- **What you will do**: Only one stretch of the data below is needed. Output the lines from the one with "d \<tau> \<Longrightarrow>" up to and including the one with "j then complex_of_real", exactly as they stand.

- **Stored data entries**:
(* Let $n\ge 1$, $m\ge 2$, $0\le k\le n-1$, and let $\overline{\mathcal{C}}^k_{ac}$ be the class of all complete and all incomplete acyclic $k$-bounded CP-nets over $n$ variables with $m$ values each, over the instance space $\overline{\mathcal{X}}_{swap}$. Then: (1) $\mathrm{VCD}(\overline{\mathcal{C}}^{n-1}_{ac})=m^n-1$; (2) $\mathrm{VCD}(\overline{\mathcal{C}}^{0}_{ac})=(m-1)n$; (3) $\mathrm{VCD}(\overline{\mathcal{C}}^{k}_{ac})\ge(m-1)\mathcal{M}_k=(m-1)(n-k)m^k+m^k-1$.
   Context: Variables $V=\{v_1,\dots,v_n\}$, each with a finite domain of size $m$. An outcome assigns a value to every variable; $\mathcal{O}_X$ denotes assignments to $X\subseteq V$. A CP-net specifies for each $v_i$ a parent set $Pa(v_i)\subseteq V\setminus\{v_i\}$ and, for each context $\gamma\in\mathcal{O}_{Pa(v_i)}$, either a strict total order $\succ^{v_i}_\gamma$ on $D_{v_i}$ or nothing (complete if always given, incomplete otherwise); parents are non-dummy. Acyclic: parent graph (edges $(v_j,v_i)$, $v_j\in Pa(v_i)$) acyclic; $k$-bounded: all $|Pa(v_i)|\le k$. Improving flip from $o$ to $o'$ (differing only in $v_i$): $\succ^{v_i}_{o[Pa(v_i)]}$ is given and $o'[v_i]\succ^{v_i}_{o[Pa(v_i)]}o[v_i]$; $o'\succ o$ iff a nonempty sequence of improving flips leads from $o$ to $o'$. $\overline{\mathcal{X}}_{swap}$ is the set of all ordered pairs $x=(x.1,x.2)$ of outcomes differing in exactly one variable; a CP-net $N$ is the concept $c_N(x)=1$ iff $x.1\succ x.2$ under $N$. VCD is the largest size of a set on which all labelings are realized by the class. $\mathcal{M}_k=(n-k)m^k+\frac{m^k-1}{m-1}$. *)

theory Defs
  imports Main
begin

definition outcomes :: "nat \<Rightarrow> nat \<Rightarrow> nat list set" where
  "outcomes n m = {xs. length xs = n \<and> (\<forall>x\<in>set xs. x < m)}"

text \<open>A CP-net is a pair (Pa, cpt): Pa i is the parent set of v_i, and
  cpt i u is the (optional) order on the domain of v_i in the context u[Pa i];
  it is indexed by a full outcome but required to depend only on u[Pa i].
  A relation r with r a b means "a is preferred to b".\<close>

type_synonym cpnet = "(nat \<Rightarrow> nat set) \<times> (nat \<Rightarrow> nat list \<Rightarrow> (nat \<Rightarrow> nat \<Rightarrow> bool) option)"

definition strict_total_on :: "nat \<Rightarrow> (nat \<Rightarrow> nat \<Rightarrow> bool) \<Rightarrow> bool" where
  "strict_total_on m r \<longleftrightarrow>
     (\<forall>a b. r a b \<longrightarrow> a < m \<and> b < m) \<and>
     (\<forall>a. \<not> r a a) \<and>
     (\<forall>a b c. r a b \<longrightarrow> r b c \<longrightarrow> r a c) \<and>
     (\<forall>a<m. \<forall>b<m. a \<noteq> b \<longrightarrow> r a b \<or> r b a)"

definition is_cpnet :: "nat \<Rightarrow> nat \<Rightarrow> cpnet \<Rightarrow> bool" where
  "is_cpnet n m N \<longleftrightarrow>
     (\<forall>i<n. fst N i \<subseteq> {..<n} - {i}) \<and>
     (\<forall>i<n. \<forall>u\<in>outcomes n m. \<forall>r. snd N i u = Some r \<longrightarrow> strict_total_on m r) \<and>
     (\<forall>i<n. \<forall>u\<in>outcomes n m. \<forall>u'\<in>outcomes n m.
         (\<forall>j\<in>fst N i. u ! j = u' ! j) \<longrightarrow> snd N i u = snd N i u') \<and>
     \<comment> \<open>parents are non-dummy\<close>
     (\<forall>i<n. \<forall>j\<in>fst N i. \<exists>u\<in>outcomes n m. \<exists>u'\<in>outcomes n m.
         (\<forall>l\<in>fst N i - {j}. u ! l = u' ! l) \<and> snd N i u \<noteq> snd N i u')"

definition parent_graph :: "nat \<Rightarrow> cpnet \<Rightarrow> (nat \<times> nat) set" where
  "parent_graph n N = {(j, i). i < n \<and> j \<in> fst N i}"
lemma exists_non_neighbour:
  assumes "u \<in> V" "w \<in> V" "{u, w} \<in> E" "Z \<subseteq> L w" "card Z < m"
  obtains y where "y \<in> L u" "\<forall>z\<in>Z. {y, z} \<notin> EH"
proof -
  let ?Y = "\<Union>z\<in>Z. {y \<in> L u. {y, z} \<in> EH}"
  have fin: "finite Z" using assms(4) finite_L[OF assms(2)] finite_subset by blast
  have "card ?Y \<le> (\<Sum>z\<in>Z. card {y \<in> L u. {y, z} \<in> EH})" using fin by (rule card_UN_le)
  also have "\<dots> \<le> (\<Sum>z\<in>Z. 1)"
    using card_cover_neighbours_le_1[OF assms(1-3)] assms(4) by (intro sum_mono) auto
  finally have "card ?Y < card (L u)" using assms(5) card_L[OF assms(1)] by simp
  moreover have "finite ?Y" by (rule finite_subset[OF _ finite_L[OF assms(1)]]) blast
  ultimately have "\<not> L u \<subseteq> ?Y" using card_mono leD by blast
  then show ?thesis using that by blast
qed

lemma sum_walk_count_Suc:
  assumes "Suc j < l" "Z \<subseteq> L (xs ! Suc j)"
  shows "(\<Sum>z\<in>Z. walk_count x (Suc j) z) =
    (\<Sum>y\<in>L (xs ! j). walk_count x j y * int (card {z \<in> Z. {y, z} \<notin> EH}))"
proof -
  have "finite (L (xs ! j))" "finite Z" using assms finite_L_cycle finite_subset by auto
  then show ?thesis
    using sum_sum_filter_swap[where A = "L (xs ! j)" and Z = Z and P = "\<lambda>y z. {y, z} \<notin> EH"
        and f = "walk_count x j"] by simp
qed

lemma card_cycle_non_neighbours_ge:
  assumes "Suc j < l" "y \<in> L (xs ! j)"
  shows "int (card {z \<in> L (xs ! Suc j). {y, z} \<notin> EH}) \<ge> int m - 1"
proof -
  have e: "{xs ! Suc j, xs ! j} \<in> E" using cycle_edge_Suc[OF assms(1)] by (simp add: insert_commute)
  have V: "xs ! Suc j \<in> V" "xs ! j \<in> V" using assms(1) cycle_nth_in_V by auto
  have "card {z \<in> L (xs ! Suc j). {z, y} \<notin> EH} \<ge> m - 1"
    by (rule card_cover_non_neighbours_ge[OF V e assms(2)])
  then show ?thesis by (simp add: insert_commute)
qed

lemma walk_total_Suc_ge:
  assumes "Suc j < l"
  shows "walk_total x (Suc j) \<ge> (int m - 1) * walk_total x j"
proof -
  have "(int m - 1) * walk_count x j y \<le> walk_count x j y * int (card {z \<in> L (xs ! Suc j). {y, z} \<notin> EH})"
    if "y \<in> L (xs ! j)" for y
    using mult_right_mono[OF card_cycle_non_neighbours_ge[OF assms that] walk_count_nonneg[of x j y]]
    by (simp add: mult.commute)
  then show ?thesis
    unfolding walk_total_def sum_walk_count_Suc[OF assms order_refl] sum_distrib_left
    by (rule sum_mono)
qed

text \<open>Dropping one vertex z0 of the last fibre: some vertex y0 of the previous fibre has no neighbour
  among the remaining m - 1 vertices, and every other vertex loses at most one more.\<close>
lemma walk_total_minus_Suc_ge:
  assumes "Suc j < l" "z0 \<in> L (xs ! Suc j)" "m \<ge> 1"
  obtains y0 where "y0 \<in> L (xs ! j)"
    "walk_total x (Suc j) - walk_count x (Suc j) z0 \<ge> (int m - 2) * walk_total x j + walk_count x j y0"
proof -
  let ?A = "L (xs ! j)" and ?Z = "L (xs ! Suc j) - {z0}"
  let ?c = "\<lambda>y. int (card {z \<in> ?Z. {y, z} \<notin> EH})"
  have finA: "finite ?A" and finB: "finite (L (xs ! Suc j))" using assms(1) finite_L_cycle by auto
  have cardZ: "card ?Z = m - 1" using card_L_cycle[OF assms(1)] assms(2) finB by simp
  obtain y0 where y0: "y0 \<in> ?A" "\<forall>z\<in>?Z. {y0, z} \<notin> EH"
    using exists_non_neighbour[OF cycle_nth_in_V cycle_nth_in_V cycle_edge_Suc[OF assms(1)], of ?Z]
      assms cardZ by auto
  have "{z \<in> ?Z. {y0, z} \<notin> EH} = ?Z" using y0(2) by blast
  then have c_y0: "?c y0 = int m - 1" using cardZ assms(3) by (simp add: of_nat_diff)
  have c_ge: "?c y \<ge> int m - 2" if "y \<in> ?A" for y
  proof -
    have "{z \<in> ?Z. {y, z} \<notin> EH} = {z \<in> L (xs ! Suc j). {y, z} \<notin> EH} - {z0}" by blast
    then have "card {z \<in> L (xs ! Suc j). {y, z} \<notin> EH} \<le> card {z \<in> ?Z. {y, z} \<notin> EH} + 1"
      using finB by (cases "z0 \<in> {z \<in> L (xs ! Suc j). {y, z} \<notin> EH}") (auto simp: card_Suc_Diff1)
    then show ?thesis using card_cycle_non_neighbours_ge[OF assms(1) that] by linarith
  qed
  have "walk_total x (Suc j) - walk_count x (Suc j) z0 = (\<Sum>z\<in>?Z. walk_count x (Suc j) z)"
    unfolding walk_total_def using finB assms(2) by (simp add: sum_diff1)
  also have "\<dots> = walk_count x j y0 * ?c y0 + (\<Sum>y\<in>?A - {y0}. walk_count x j y * ?c y)"
    using sum_walk_count_Suc[OF assms(1), of ?Z] finA y0(1) by (simp add: sum.remove)
  also have "\<dots> \<ge> walk_count x j y0 * (int m - 1) + (\<Sum>y\<in>?A - {y0}. walk_count x j y * (int m - 2))"
    using c_y0 c_ge walk_count_nonneg by (intro add_mono sum_mono mult_left_mono) auto
  finally have "walk_total x (Suc j) - walk_count x (Suc j) z0 \<ge>
      walk_count x j y0 * (int m - 1) + (\<Sum>y\<in>?A - {y0}. walk_count x j y) * (int m - 2)"
    by (simp add: sum_distrib_right)
  moreover have "(\<Sum>y\<in>?A - {y0}. walk_count x j y) = walk_total x j - walk_count x j y0"
    unfolding walk_total_def using finA y0(1) by (simp add: sum_diff1)
  ultimately show ?thesis using that y0(1) by (simp add: algebra_simps)
qed

definition walk_bounds :: "'w \<Rightarrow> nat \<Rightarrow> bool" where
  "walk_bounds x j \<longleftrightarrow> walk_total x j \<ge> (int m - 1) ^ j \<and>
    (\<forall>z\<in>L (xs ! j). walk_total x j - walk_count x j z \<ge> min_walks (int m) (Suc j) \<and>
      walk_count x j z \<ge> min_walks (int m) j)"

lemma walk_bounds_0:
  assumes "x \<in> L (xs ! 0)"
  shows "walk_bounds x 0"
proof -
  have "walk_total x 0 = 1" unfolding walk_total_def using assms finite_L_cycle[OF length_pos] by simp
  then show ?thesis unfolding walk_bounds_def using walk_count_nonneg[of x 0] by auto
qed
lemma energy_preserving_fixes_diag_part:
  assumes ep: "energy_preserving d E" and A: "A \<in> carrier_mat d d"
  shows "E (diag_part d A) = diag_part d A"
proof -
  note lin = energy_preserving_lin_map[OF ep]
  have dc: "diag_part d B \<in> carrier_mat d d" for B unfolding diag_part_def by simp
  have dim: "dim_row (E (diag_part d B)) = d" "dim_col (E (diag_part d B)) = d"
    "dim_row (diag_part d B) = d" "dim_col (diag_part d B) = d" for B
    using lin_map_closed[OF lin dc] dc by auto
  have entry: "E (diag_part d A) $$ (r, c) - diag_part d A $$ (r, c) = 0" if rc: "r < d" "c < d" for r c
  proof (rule linear_functional_zero_on_units[OF _ _ _ A])
    fix B C :: "complex mat" and a :: complex
    assume B: "B \<in> carrier_mat d d" and C: "C \<in> carrier_mat d d"
    have split: "diag_part d (B + C) = diag_part d B + diag_part d C"
      "diag_part d (a \<cdot>\<^sub>m B) = a \<cdot>\<^sub>m diag_part d B"
      using B C by (auto intro!: eq_matI simp: diag_part_def)
    show "E (diag_part d (B + C)) $$ (r, c) - diag_part d (B + C) $$ (r, c)
        = E (diag_part d B) $$ (r, c) - diag_part d B $$ (r, c) + (E (diag_part d C) $$ (r, c) - diag_part d C $$ (r, c))"
      "E (diag_part d (a \<cdot>\<^sub>m B)) $$ (r, c) - diag_part d (a \<cdot>\<^sub>m B) $$ (r, c)
        = a * (E (diag_part d B) $$ (r, c) - diag_part d B $$ (r, c))"
      unfolding split lin_map_add[OF lin dc dc] lin_map_smult[OF lin dc]
      using rc by (simp_all add: dim algebra_simps)
  next
    fix i j assume ij: "i < d" "j < d"
    show "E (diag_part d (mat_unit d i j)) $$ (r, c) - diag_part d (mat_unit d i j) $$ (r, c) = 0"
    proof (cases "i = j")
      case True
      then have "diag_part d (mat_unit d i j) = mat_unit d i i"
        by (intro eq_matI) (auto simp: diag_part_def mat_unit_def)
      then show ?thesis using energy_preserving_fixes_diag_unit[OF ep ij(1)] by simp
    next
      case False
      then have "diag_part d (mat_unit d i j) = 0\<^sub>m d d"
        by (intro eq_matI) (auto simp: diag_part_def mat_unit_def)
      then show ?thesis using lin_map_zero[OF lin] by simp
    qed
  qed
  show ?thesis
    using entry dim by (intro eq_matI) (auto simp: diag_part_def)
qed

lemma diag_part_passivization: "diag_part d (passivization d A) = passivization d A"
  by (intro eq_matI) (auto simp: diag_part_def passivization_def tau_def)

lemma energy_preserving_imp_passivization_covariant:
  assumes ep: "energy_preserving d E"
  shows "passivization_covariant d E"
  unfolding passivization_covariant_def operation_def
proof (intro conjI allI impI ballI)
  show "completely_positive d E" using energy_preserving_completely_positive[OF ep] .
  fix \<rho> assume "psd d \<rho>"
  then show "Re (mtrace (E \<rho>)) \<le> Re (mtrace \<rho>)"
    using ep unfolding psd_def energy_preserving_def channel_def by simp
next
  fix A :: "complex mat" assume A: "A \<in> carrier_mat d d"
  have "passivization d (E A) = passivization d A"
    unfolding passivization_def
    by (intro eq_matI) (auto simp: energy_preserving_diag_entry[OF ep A] intro!: sum.cong)
  moreover have "E (passivization d A) = passivization d A"
    using energy_preserving_fixes_diag_part[OF ep, of "passivization d A"] diag_part_passivization
    by (simp add: passivization_def)
  ultimately show "E (passivization d A) = passivization d (E A)" by simp
qed

lemma real_diag_mat_cong: "(\<And>i. i < d \<Longrightarrow> r i = r' i) \<Longrightarrow> real_diag_mat d r = real_diag_mat d r'"
  unfolding real_diag_mat_def by (intro eq_matI) auto

lemma passive_stateE:
  assumes "passive_state d \<tau>"
  obtains p where "\<tau> = real_diag_mat d p" "\<And>i. i < d \<Longrightarrow> 0 \<le> p i"
    "\<And>i j. i \<le> j \<Longrightarrow> j < d \<Longrightarrow> p j \<le> p i"
proof -
  obtain p where \<tau>: "\<tau> = real_diag_mat d p" and mono: "\<And>i j. i \<le> j \<Longrightarrow> j < d \<Longrightarrow> p j \<le> p i"
    using assms unfolding passive_state_def real_diag_mat_def by blast
  have "psd d \<tau>" using assms unfolding passive_state_def density_def by blast
  then have last: "0 \<le> p (d - 1)" if "0 < d"
    using psd_diag_entry[of d \<tau> "d - 1"] that unfolding \<tau> real_diag_mat_def by simp
  have "0 \<le> p i" if "i < d" for i
  proof -
    have "p (d - 1) \<le> p i" using mono[of i "d - 1"] that by simp
    then show ?thesis using last that by simp
  qed
  from \<tau> this mono show thesis by (rule that)
qed

lemma passive_state_dim_pos: "passive_state d \<tau> \<Longrightarrow> 0 < d"
  by (cases "d = 0") (auto simp: passive_state_def density_def psd_def mtrace_def)

lemma passivization_real_diag:
  assumes "\<And>k. k < d \<Longrightarrow> B $$ (k, k) = complex_of_real (w k)"
  shows "passivization d B = real_diag_mat d (\<lambda>i. \<Sum>k = i..<d. w k / real (k + 1))" (is "_ = ?D")
proof (rule eq_matI)
  fix i j assume "i < dim_row ?D" "j < dim_col ?D"
  then have ij: "i < d" "j < d" by (simp_all add: real_diag_mat_def)
  have "{k \<in> {..<d}. i \<le> k} = {i..<d}" by auto
  then have tail: "(\<Sum>k<d. if i \<le> k then w k / real (k + 1) else 0) = (\<Sum>k = i..<d. w k / real (k + 1))"
    by (metis (no_types) finite_lessThan sum.inter_filter)
  have "passivization d B $$ (i, j) = (\<Sum>k<d. complex_of_real (w k) * tau d k $$ (i, j))"
    using ij assms by (auto simp: passivization_def intro!: sum.cong)
  also have "\<dots> = (if i = j then complex_of_real (\<Sum>k<d. if i \<le> k then w k / real (k + 1) else 0) else 0)"
    using ij by (auto simp: tau_def of_real_sum intro!: sum.cong)
  also have "\<dots> = ?D $$ (i, j)"
    unfolding tail using ij by (simp add: real_diag_mat_def)
  finally show "passivization d B $$ (i, j) = ?D $$ (i, j)" .
qed (simp_all add: passivization_def real_diag_mat_def)

lemma passive_state_passivization_preimage:
  assumes "passive_state d \<tau>"
  obtains \<sigma> where "\<sigma> \<in> carrier_mat d d" "psd d \<sigma>" "passivization d \<sigma> = \<tau>"
proof -
  obtain p where \<tau>: "\<tau> = real_diag_mat d p" and nonneg: "\<And>i. i < d \<Longrightarrow> 0 \<le> p i"
    and mono: "\<And>i j. i \<le> j \<Longrightarrow> j < d \<Longrightarrow> p j \<le> p i"
    using passive_stateE[OF assms] by blast
  define p' where "p' k = (if k < d then p k else 0)" for k
  define q where "q k = real (k + 1) * (p' k - p' (Suc k))" for k
  have "q k \<ge> 0" if "k < d" for k
    using that mono[of k "Suc k"] nonneg[of k] unfolding q_def p'_def by auto
  then have "psd d (real_diag_mat d q)" by (rule psd_real_diag_mat)
  moreover have "passivization d (real_diag_mat d q) = real_diag_mat d (\<lambda>i. \<Sum>k = i..<d. q k / real (k + 1))"
    by (rule passivization_real_diag) (simp add: real_diag_mat_def)
  moreover have "real_diag_mat d (\<lambda>i. \<Sum>k = i..<d. q k / real (k + 1)) = \<tau>"
    unfolding \<tau> q_def using sum_Suc_diff'[of _ d "\<lambda>k. - p' k"]
    by (intro real_diag_mat_cong) (simp add: p'_def)
  ultimately show thesis using real_diag_mat_carrier that by metis
qed
(* Let $Q_0,\beta_1,\beta_2,\beta_3,c_1,c_2,c_3,\theta,\pi,\delta,\alpha,\mu$ be positive constants and $u_1\in[0,1]$ a constant. Consider the system \[ \begin{aligned} S' &= Q_0-\beta_m S-\mu S,\\ I_1' &= \beta_m S-(\theta+\mu+\delta)I_1,\\ I_2' &= \theta I_1-(\delta+\mu+\pi)I_2,\\ A' &= \delta I_1+\delta I_2+\pi I_2-(\alpha+\mu)A, \end{aligned} \qquad \beta_m=\frac{(1-u_1)(\beta_1c_1I_1+\beta_2c_2I_2+\beta_3c_3A)}{N},\quad N=S+I_1+I_2+A, \] and define $R_0=\zeta_1+\zeta_2+\zeta_3+\zeta_4$ with \[ \zeta_1=\frac{(1-u_1)\beta_1c_1}{\theta+\delta+\mu},\quad \zeta_2=\frac{(1-u_1)\beta_2c_2\theta}{(\theta+\delta+\mu)(\delta+\mu+\pi)},\quad \zeta_3=\frac{(1-u_1)\beta_3c_3\theta(\delta+\pi)}{(\theta+\delta+\mu)(\delta+\mu+\pi)(\alpha+\mu)},\quad \zeta_4=\frac{(1-u_1)\beta_3c_3\delta}{(\theta+\delta+\mu)(\alpha+\mu)}. \] If $R_0<1$, then the disease-free equilibrium $E_0=(Q_0/\mu,0,0,0)$ is locally asymptotically stable.
   Context: $S$ denotes susceptibles, $I_1$ unaware infectives, $I_2$ aware infectives, $A$ individuals with AIDS; $N$ is the total population. *)

theory Defs
  imports "HOL-Analysis.Analysis"
begin

type_synonym state = "real \<times> real \<times> real \<times> real"  (* (S, I1, I2, A) *)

- **Response to the task**:
lemma passive_state_dim_pos: "passive_state d \<tau> \<Longrightarrow> 0 < d"
  by (cases "d = 0") (auto simp: passive_state_def density_def psd_def mtrace_def)

lemma passivization_real_diag:
  assumes "\<And>k. k < d \<Longrightarrow> B $$ (k, k) = complex_of_real (w k)"
  shows "passivization d B = real_diag_mat d (\<lambda>i. \<Sum>k = i..<d. w k / real (k + 1))" (is "_ = ?D")
proof (rule eq_matI)
  fix i j assume "i < dim_row ?D" "j < dim_col ?D"
  then have ij: "i < d" "j < d" by (simp_all add: real_diag_mat_def)
  have "{k \<in> {..<d}. i \<le> k} = {i..<d}" by auto
  then have tail: "(\<Sum>k<d. if i \<le> k then w k / real (k + 1) else 0) = (\<Sum>k = i..<d. w k / real (k + 1))"
    by (metis (no_types) finite_lessThan sum.inter_filter)
  have "passivization d B $$ (i, j) = (\<Sum>k<d. complex_of_real (w k) * tau d k $$ (i, j))"
    using ij assms by (auto simp: passivization_def intro!: sum.cong)
  also have "\<dots> = (if i = j then complex_of_real (\<Sum>k<d. if i \<le> k then w k / real (k + 1) else 0) else 0)"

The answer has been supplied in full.